Squatting opens up the recto-anal angle (one study showed squatting affords an average angle of 132 degrees, and up to a completely straight 180 degrees, while toilet sitting results in an average angle of 92 degrees), offering your waste a path of least resistance for full evacuation.13 Defecating in this position also strengthens the muscle fibers in your pelvic floor and protects the prostate, bladder, and uterine nerves from damage related to straining.

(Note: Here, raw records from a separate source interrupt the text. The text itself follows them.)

lemma inner_uu_nonneg_between:
  assumes "0 \<le> z \<bullet> uu t" "0 \<le> z \<bullet> vv t" "t \<le> s" "s \<le> t + pi/2"
  shows "0 \<le> z \<bullet> uu s"
proof -
  have "0 \<le> cos (s - t)" "0 \<le> sin (s - t)"
    using assms by (auto intro!: cos_ge_zero sin_ge_zero)
  then show ?thesis
    using assms by (simp add: inner_uu_rotate[of z s t])
qed

lemma inner_uu_pos_between:
  assumes "0 < z \<bullet> uu t" "0 < z \<bullet> vv t" "t \<le> s" "s \<le> t + pi/2"
  shows "0 < z \<bullet> uu s"
proof -
  have cos_nonneg: "0 \<le> cos (s - t)" and sin_nonneg: "0 \<le> sin (s - t)"
    using assms by (auto intro!: cos_ge_zero sin_ge_zero)
  have "cos (s - t) \<noteq> 0 \<or> sin (s - t) \<noteq> 0"
    by (metis sin_cos_squared_add zero_power2 add_0 zero_neq_one)
  then have "0 < (z \<bullet> uu t) * cos (s - t) \<or> 0 < (z \<bullet> vv t) * sin (s - t)"
    using assms cos_nonneg sin_nonneg by auto
  moreover have "0 \<le> (z \<bullet> uu t) * cos (s - t)" "0 \<le> (z \<bullet> vv t) * sin (s - t)"
    using assms cos_nonneg sin_nonneg by auto
  ultimately show ?thesis
    unfolding inner_uu_rotate[of z s t] by linarith
qed

section \<open>Support functions\<close>

lemma inner_le_supp:
  assumes "compact K" "p \<in> K"
  shows "p \<bullet> uu t \<le> supp K t"
proof -
  have "bounded ((\<lambda>p. p \<bullet> uu t) ` K)"
    using assms by (intro compact_imp_bounded compact_continuous_image continuous_intros)
  then show ?thesis
    unfolding supp_def using assms by (intro cSup_upper bounded_imp_bdd_above) auto
qed

lemma supp_attained:
  assumes "compact K" "K \<noteq> {}"
  obtains k where "k \<in> K" "k \<bullet> uu t = supp K t"
proof -
  have "compact ((\<lambda>p. p \<bullet> uu t) ` K)"
    using assms by (intro compact_continuous_image continuous_intros)
  then obtain k where "k \<in> K" "\<forall>p\<in>K. p \<bullet> uu t \<le> k \<bullet> uu t"
    using compact_attains_sup[of "(\<lambda>p. p \<bullet> uu t) ` K"] assms by auto
  moreover from this have "supp K t = k \<bullet> uu t"
    unfolding supp_def by (intro cSup_eq_maximum) auto
  ultimately show ?thesis using that by simp
qed

lemma supp_le_iff:
  assumes "compact K" "K \<noteq> {}"
  shows "supp K t \<le> h \<longleftrightarrow> (\<forall>k\<in>K. k \<bullet> uu t \<le> h)"
  using inner_le_supp[OF assms(1)] supp_attained[OF assms] by (metis order_trans)

lemma inner_le_supp_from_deficit:
  assumes "compact K" "K \<noteq> {}" and K_below: "\<forall>k\<in>K. k \<bullet> uu b \<le> 1" and p_above: "0 \<le> p \<bullet> uu b"
    and comb: "\<mu> *\<^sub>R uu s = \<alpha> *\<^sub>R uu t - \<beta> *\<^sub>R uu b" and "0 < \<mu>" "0 \<le> \<beta>" "\<beta> \<le> \<alpha>"
    and deficit: "p \<bullet> uu t \<le> supp K t - 1"
  shows "p \<bullet> uu s \<le> supp K s"
proof -
  have expand: "\<mu> * (z \<bullet> uu s) = \<alpha> * (z \<bullet> uu t) - \<beta> * (z \<bullet> uu b)" for z
    using arg_cong[OF comb, of "inner z"] by (simp add: inner_diff_right)
  obtain k where k: "k \<in> K" "k \<bullet> uu t = supp K t"
    using supp_attained assms(1,2) by blast
  have "\<alpha> * (p \<bullet> uu t) \<le> \<alpha> * (supp K t - 1)"
    using deficit assms by (intro mult_left_mono) auto
  moreover have "0 \<le> \<beta> * (p \<bullet> uu b)" "\<beta> * (k \<bullet> uu b) \<le> \<beta>"
    using p_above K_below k(1) \<open>0 \<le> \<beta>\<close> by (auto simp: mult_left_le)
  moreover have "\<mu> * (k \<bullet> uu s) \<le> \<mu> * supp K s"
    using inner_le_supp[OF assms(1) k(1)] \<open>0 < \<mu>\<close> by simp
  ultimately have "\<mu> * (p \<bullet> uu s) \<le> \<mu> * supp K s"
    using expand[of p] expand[of k] k(2) \<open>\<beta> \<le> \<alpha>\<close> by (simp add: algebra_simps)
  then show ?thesis
    using \<open>0 < \<mu>\<close> by simp
qed

lemma supp_minus_one_le_at_maximizer:
  assumes "compact K" "K \<noteq> {}" "k \<in> K" "k \<bullet> uu a = supp K a"
    and comb: "uu s = c *\<^sub>R uu a + d *\<^sub>R uu b" and "0 \<le> c" "0 \<le> d" "d \<le> 1"
    and K_strip: "\<forall>p\<in>K. 0 \<le> p \<bullet> uu b \<and> p \<bullet> uu b \<le> 1"
  shows "supp K s - 1 \<le> k \<bullet> uu s"
proof -
  have expand: "z \<bullet> uu s = c * (z \<bullet> uu a) + d * (z \<bullet> uu b)" for z
    by (simp add: comb inner_add_right)
  have "p \<bullet> uu s \<le> c * supp K a + d" if "p \<in> K" for p
  proof -
    have "c * (p \<bullet> uu a) \<le> c * supp K a"
      using inner_le_supp[OF assms(1) that] \<open>0 \<le> c\<close> by (intro mult_left_mono)
    moreover have "d * (p \<bullet> uu b) \<le> d"
      using K_strip that \<open>0 \<le> d\<close> by (simp add: mult_left_le)
    ultimately show ?thesis
      by (simp add: expand)
  qed
  then have "supp K s \<le> c * supp K a + d"
    using supp_le_iff[OF assms(1,2)] by blast
  moreover have "0 \<le> d * (k \<bullet> uu b)"
    using K_strip assms(3) \<open>0 \<le> d\<close> by simp
  ultimately show ?thesis
    using expand[of k] assms(4) \<open>d \<le> 1\<close> by simp
qed

section \<open>Fans, corner quadrants and niches\<close>

lemma mem_fan_iff: "p \<in> fan \<omega> \<longleftrightarrow> 0 \<le> snd p \<and> 0 \<le> p \<bullet> uu \<omega>"
  by (cases p) (simp add: fan_def inner_uu)

lemma interior_fan: "interior (fan \<omega>) = {p. 0 < snd p \<and> 0 < p \<bullet> uu \<omega>}"
proof -
  have "fan \<omega> = {p. uu (pi/2) \<bullet> p \<ge> 0} \<inter> {p. uu \<omega> \<bullet> p \<ge> 0}"
    by (auto simp: mem_fan_iff inner_commute uu_pi2)
  then have "interior (fan \<omega>) = {p. uu (pi/2) \<bullet> p > 0} \<inter> {p. uu \<omega> \<bullet> p > 0}"
    by (simp only: interior_Int interior_halfspace_ge uu_nonzero not_False_eq_True)
  then show ?thesis
    by (auto simp: inner_commute uu_pi2)
qed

If you are interested in reduced constipation, less straining, and lower risk of inflammatory bowel conditions, squatting to eliminate is a connection with an obvious evolutionary precedent. And you don’t need to move to Asia. There are a number of toilet stools available that will modify the position you adopt on a traditional toilet to enable the benefits of squatting. Visit SquattyPotty.com for a full education on the subject and direct ordering (units start at $35—cheaper than hemorrhoid surgery or colon cancer treatments).

Toilet squatting stools are U-shaped, so they slide around either side of your toilet bowl for easy storage. Slide the stool out a bit and you can rest your feet on elevated platforms, bend your knees, lower your torso between your thighs, and achieve a modified squatting position. After getting over your initial culturally influenced hesitations, you will realize how effortless and natural it feels to assume the squatting position, particularly when you use a specially designed stool.